DSM 4 auto align: The results, shown here, are reasonable (considering cross-speaker). (the errors for the 10 individual utterances are counted as 8/11, 0/10, 2/18, 2/8, 1/17, 2/4, 2/7, 3/3, 0/10, 3/13, 7/28, respectively; these total to 28/111 which is 25.7%)
DSM 4 manual align: The rescoring results (the second part of the experiment) are very instructive, shown here. Will analyse the error patterns in terms of Zk fitting and Ok fitting soon.
DSM 4 async shift: Although there is a training/testing discrepancy in the third part of this experiment, (and no constraints have < been implemented in EKF), it is not too discouraging to see that this 2-D "feature" overlapping implementing gives reasonable results, as shown here.

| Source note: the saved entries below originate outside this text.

(* Let $A$ and $V$ be bounded self-adjoint operators on a Hilbert space $\mathfrak{H}$, $B=A+V$, and let $P$ be an orthogonal projection commuting with $A$. Assume that $PVP=P^\perp VP^\perp=0$, where $P^\perp=I-P$. Denote by $A_0$ and $A_1$ the parts of $A$ in its invariant subspaces $\mathrm{Ran}\,P$ and $\mathrm{Ran}\,P^\perp$, respectively. Then $$\inf A-\delta_V^\ell\le\inf B\le\inf A\quad\text{and}\quad \sup A\le\sup B\le\sup A+\delta_V^r,$$ where $$\delta_V^\ell=\|V\|\tan\Big(\tfrac12\arctan\frac{2\|V\|}{|\inf A_1-\inf A_0|}\Big),\qquad \delta_V^r=\|V\|\tan\Big(\tfrac12\arctan\frac{2\|V\|}{|\sup A_1-\sup A_0|}\Big),$$ with the convention $\arctan(+\infty)=\pi/2$ when $\inf A_1=\inf A_0$ and/or $\sup A_1=\sup A_0$.
   Context: For a bounded self-adjoint operator $T$, $\inf T$ and $\sup T$ denote the infimum and supremum of $\mathrm{spec}(T)$. *)

theory Defs
  imports "HOL-Analysis.Analysis"
begin

text \<open>Real spectrum of an operator T restricted to an invariant (closed) subspace S:
  the reals lambda for which T - lambda I is not a bijection of S onto S.
  (For bounded operators on a closed subspace of a Hilbert space, bounded inverse is
  automatic by the open mapping theorem.)\<close>
definition spec_on :: "'a::real_normed_vector set \<Rightarrow> ('a \<Rightarrow> 'a) \<Rightarrow> real set" where
  "spec_on S T = {l. \<not> bij_betw (\<lambda>x. T x - l *\<^sub>R x) S S}"

definition spec :: "('a::real_normed_vector \<Rightarrow> 'a) \<Rightarrow> real set" where
  "spec T = spec_on UNIV T"

definition self_adjoint :: "('a::real_inner \<Rightarrow>\<^sub>L 'a) \<Rightarrow> bool" where
  "self_adjoint T \<longleftrightarrow> (\<forall>x y. inner (T x) y = inner x (T y))"

definition orth_proj :: "('a::real_inner \<Rightarrow>\<^sub>L 'a) \<Rightarrow> bool" where
  "orth_proj P \<longleftrightarrow> self_adjoint P \<and> (\<forall>x. P (P x) = P x)"

definition delta_shift :: "real \<Rightarrow> real \<Rightarrow> real" where
  "delta_shift v d = (if d = 0 then v * tan (pi / 4) else v * tan (arctan (2 * v / \<bar>d\<bar>) / 2))"

end

theory Submission
  imports Defs
begin

text \<open>For a self-adjoint T and a closed T-invariant subspace S, the bottom of the spectrum of T
  on S is the infimum of the Rayleigh quotient \<langle>T x, x\<rangle> over unit vectors of S: below it,
  T - l is coercive on S and hence invertible by the contraction principle; at it, T - l is
  nonnegative but not bounded below, while an invertible self-adjoint operator has a bounded
  inverse by the Hellinger--Toeplitz theorem (a Baire category argument).

  Split x = P x + (x - P x) with norms s and t. Since V has no diagonal blocks, the form of
  A + V is \<langle>A P x, P x\<rangle> + \<langle>A x', x'\<rangle> + 2 \<langle>V P x, x'\<rangle> with x' = x - P x, which is at
  least a0 s^2 + a1 t^2 - 2 \<parallel>V\<parallel> s t, where a0, a1 are the spectral bottoms of the two parts
  of A; on the unit circle this quadratic form is at least min a0 a1 - \<delta>. On Ran P and on
  Ran P^\<bottom> the forms of A and A + V agree, which gives inf (A + V) \<le> min a0 a1 = inf A.
  The bounds for the suprema follow by applying this to -A and -V.\<close>

section \<open>Two-by-two quadratic forms\<close>

lemma delta_shift_eq_sqrt:
  assumes "v \<ge> 0"
  shows "delta_shift v d = (sqrt (d\<^sup>2 + 4 * v\<^sup>2) - \<bar>d\<bar>) / 2"
proof (cases "d = 0")
  case True
  then show ?thesis
    using assms by (simp add: delta_shift_def tan_45 real_sqrt_mult)
next
  case False
  define r where "r = sqrt (d\<^sup>2 + 4 * v\<^sup>2)"
  have d: "\<bar>d\<bar> > 0" using False by simp
  have r: "r\<^sup>2 = d\<^sup>2 + 4 * v\<^sup>2" "r \<ge> \<bar>d\<bar>"
    unfolding r_def by (simp_all add: real_le_rsqrt)
  define u where "u = 2 * v / \<bar>d\<bar>"
  have sqrt_u: "sqrt (1 + u\<^sup>2) = r / \<bar>d\<bar>"
  proof -
    have "1 + u\<^sup>2 = (r / \<bar>d\<bar>)\<^sup>2"
      using d r(1) by (simp add: u_def field_simps power2_eq_square)
    then show ?thesis using d r(2) by simp
  qed
  have "tan (arctan u / 2) = (u / sqrt (1 + u\<^sup>2)) / (1 / sqrt (1 + u\<^sup>2) + 1)"
    using tan_half[of "arctan u / 2"] by (simp add: sin_arctan cos_arctan)
  also have "\<dots> = 2 * v / (\<bar>d\<bar> + r)"
    unfolding sqrt_u using d r(2) by (simp add: u_def field_simps)
  finally have "delta_shift v d = 2 * v\<^sup>2 / (\<bar>d\<bar> + r)"
    using False by (simp add: delta_shift_def u_def power2_eq_square)
  also have "\<dots> = (r - \<bar>d\<bar>) / 2"
    using d r by (simp add: field_simps power2_eq_square)
  finally show ?thesis by (simp add: r_def)
qed

lemma delta_shift_uminus [simp]: "delta_shift v (- d) = delta_shift v d"
  by (simp add: delta_shift_def)

lemma delta_shift_nonneg: "v \<ge> 0 \<Longrightarrow> delta_shift v d \<ge> 0"
  by (simp add: delta_shift_eq_sqrt real_le_rsqrt)

lemma delta_shift_quadratic:
  assumes "v \<ge> 0"
  shows "delta_shift v d * (\<bar>d\<bar> + delta_shift v d) = v\<^sup>2"
proof -
  have "(sqrt (d\<^sup>2 + 4 * v\<^sup>2))\<^sup>2 = d\<^sup>2 + 4 * v\<^sup>2" by simp
  then show ?thesis
    using assms by (simp add: delta_shift_eq_sqrt field_simps power2_eq_square)
qed

lemma delta_shift_form_nonneg:
  assumes "v \<ge> 0"
  shows "0 \<le> delta_shift v d * s\<^sup>2 - 2 * v * s * t + (\<bar>d\<bar> + delta_shift v d) * t\<^sup>2"
    (is "0 \<le> ?q")
proof -
  define \<delta> where "\<delta> = delta_shift v d"
  have \<delta>: "\<delta> \<ge> 0" "\<delta> * (\<bar>d\<bar> + \<delta>) = v\<^sup>2"
    using assms by (simp_all add: \<delta>_def delta_shift_nonneg delta_shift_quadratic)
  have "\<delta> * ?q = \<delta>\<^sup>2 * s\<^sup>2 - 2 * \<delta> * v * s * t + (\<delta> * (\<bar>d\<bar> + \<delta>)) * t\<^sup>2"
    by (simp add: \<delta>_def power2_eq_square algebra_simps)
  also have "\<dots> = (\<delta> * s - v * t)\<^sup>2"
    unfolding \<delta>(2) by (simp add: power2_eq_square algebra_simps)
  finally have "\<delta> * ?q \<ge> 0" by simp
  moreover have "?q \<ge> 0" if "\<delta> = 0"
    using that \<delta>(2) by (simp add: \<delta>_def)
  ultimately show ?thesis
    using \<delta>(1) by (cases "\<delta> = 0") (auto simp: zero_le_mult_iff)
qed

text \<open>min a0 a1 - delta_shift v (a1 - a0) is the smallest eigenvalue of the symmetric
  2 \<times> 2 matrix with diagonal a0, a1 and off-diagonal entries v.\<close>

lemma block_form_lower_bound:
  fixes a0 a1 s t v w :: real
  assumes "s \<ge> 0" "t \<ge> 0" "v \<ge> 0" "\<bar>w\<bar> \<le> v * s * t"
  shows "(min a0 a1 - delta_shift v (a1 - a0)) * (s\<^sup>2 + t\<^sup>2) \<le> a0 * s\<^sup>2 + a1 * t\<^sup>2 + 2 * w"
proof (cases "a0 \<le> a1")
  case True
  then show ?thesis
    using delta_shift_form_nonneg[OF assms(3), of "a1 - a0" s t] assms(4)
    by (simp add: algebra_simps)
next
  case False
  then show ?thesis
    using delta_shift_form_nonneg[OF assms(3), of "a1 - a0" t s] assms(4)
    by (simp add: algebra_simps)
qed

section \<open>Rayleigh quotients\<close>

definition rayleigh_inf :: "'a::real_inner set \<Rightarrow> ('a \<Rightarrow> 'a) \<Rightarrow> real" where
  "rayleigh_inf S T = Inf ((\<lambda>x. inner (T x) x) ` (S \<inter> sphere 0 1))"

lemma subspace_unit_vector_exists:
  assumes "subspace S" "S \<noteq> {0}"
  obtains x where "x \<in> S" "norm x = 1"
proof -
  obtain y where "y \<in> S" "y \<noteq> 0"
    using assms subspace_0 by blast
  then show ?thesis
    using that[of "y /\<^sub>R norm y"] assms(1) by (simp add: subspace_scale)
qed

lemma bdd_below_rayleigh_quotients:
  fixes T :: "'a::real_inner \<Rightarrow>\<^sub>L 'a"
  shows "bdd_below ((\<lambda>x. inner (T x) x) ` (S \<inter> sphere 0 1))"
proof (rule bdd_belowI)
  fix r assume "r \<in> (\<lambda>x. inner (T x) x) ` (S \<inter> sphere 0 1)"
  then obtain x where x: "norm x = 1" "r = inner (T x) x" by auto
  have "\<bar>inner (T x) x\<bar> \<le> norm (T x) * norm x" by (rule Cauchy_Schwarz_ineq2)
  also have "\<dots> \<le> norm T" using x norm_blinfun[of T x] by simp
  finally show "- norm T \<le> r" using x by linarith
qed

lemma rayleigh_inf_le:
  fixes T :: "'a::real_inner \<Rightarrow>\<^sub>L 'a"
  assumes "x \<in> S" "norm x = 1"
  shows "rayleigh_inf S T \<le> inner (T x) x"
  unfolding rayleigh_inf_def using assms
  by (intro cInf_lower bdd_below_rayleigh_quotients) auto

lemma rayleigh_inf_mult_norm_le:
  fixes T :: "'a::real_inner \<Rightarrow>\<^sub>L 'a"
  assumes "subspace S" "x \<in> S"
  shows "rayleigh_inf S T * (norm x)\<^sup>2 \<le> inner (T x) x"
proof (cases "x = 0")
  case False
  have "rayleigh_inf S T \<le> inner (T (x /\<^sub>R norm x)) (x /\<^sub>R norm x)"
    using assms False by (intro rayleigh_inf_le) (simp_all add: subspace_scale)
  also have "\<dots> = inner (T x) x / (norm x)\<^sup>2"
    by (simp add: blinfun.scaleR_right power2_eq_square field_simps)
  finally show ?thesis using False by (simp add: field_simps)
qed simp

Note: since these ranks are ranks of log probabilities, and they are all on different scales, the average may not be statistically valid.
HMM: It makes sense that the HMM rejected most of the reference transcriptions, because it's rescoring its own best hypotheses. The only reason the reference won once was because of the language model score, which was used for n-best generation but not for rescoring.
DSM N1 (auto align): The details of the results of the new (after all Rescoring Experiments 2) N-best (N=5 plus reference) experiments are in here. No 2-D feature-overlaps; simple training; small size of training data; no constraint on Zk is built into the EKF on rescoring.
Details of more experiments (using 2-D feature-overlaps) on the same N-lists of the 10 utterances are provided in the following files.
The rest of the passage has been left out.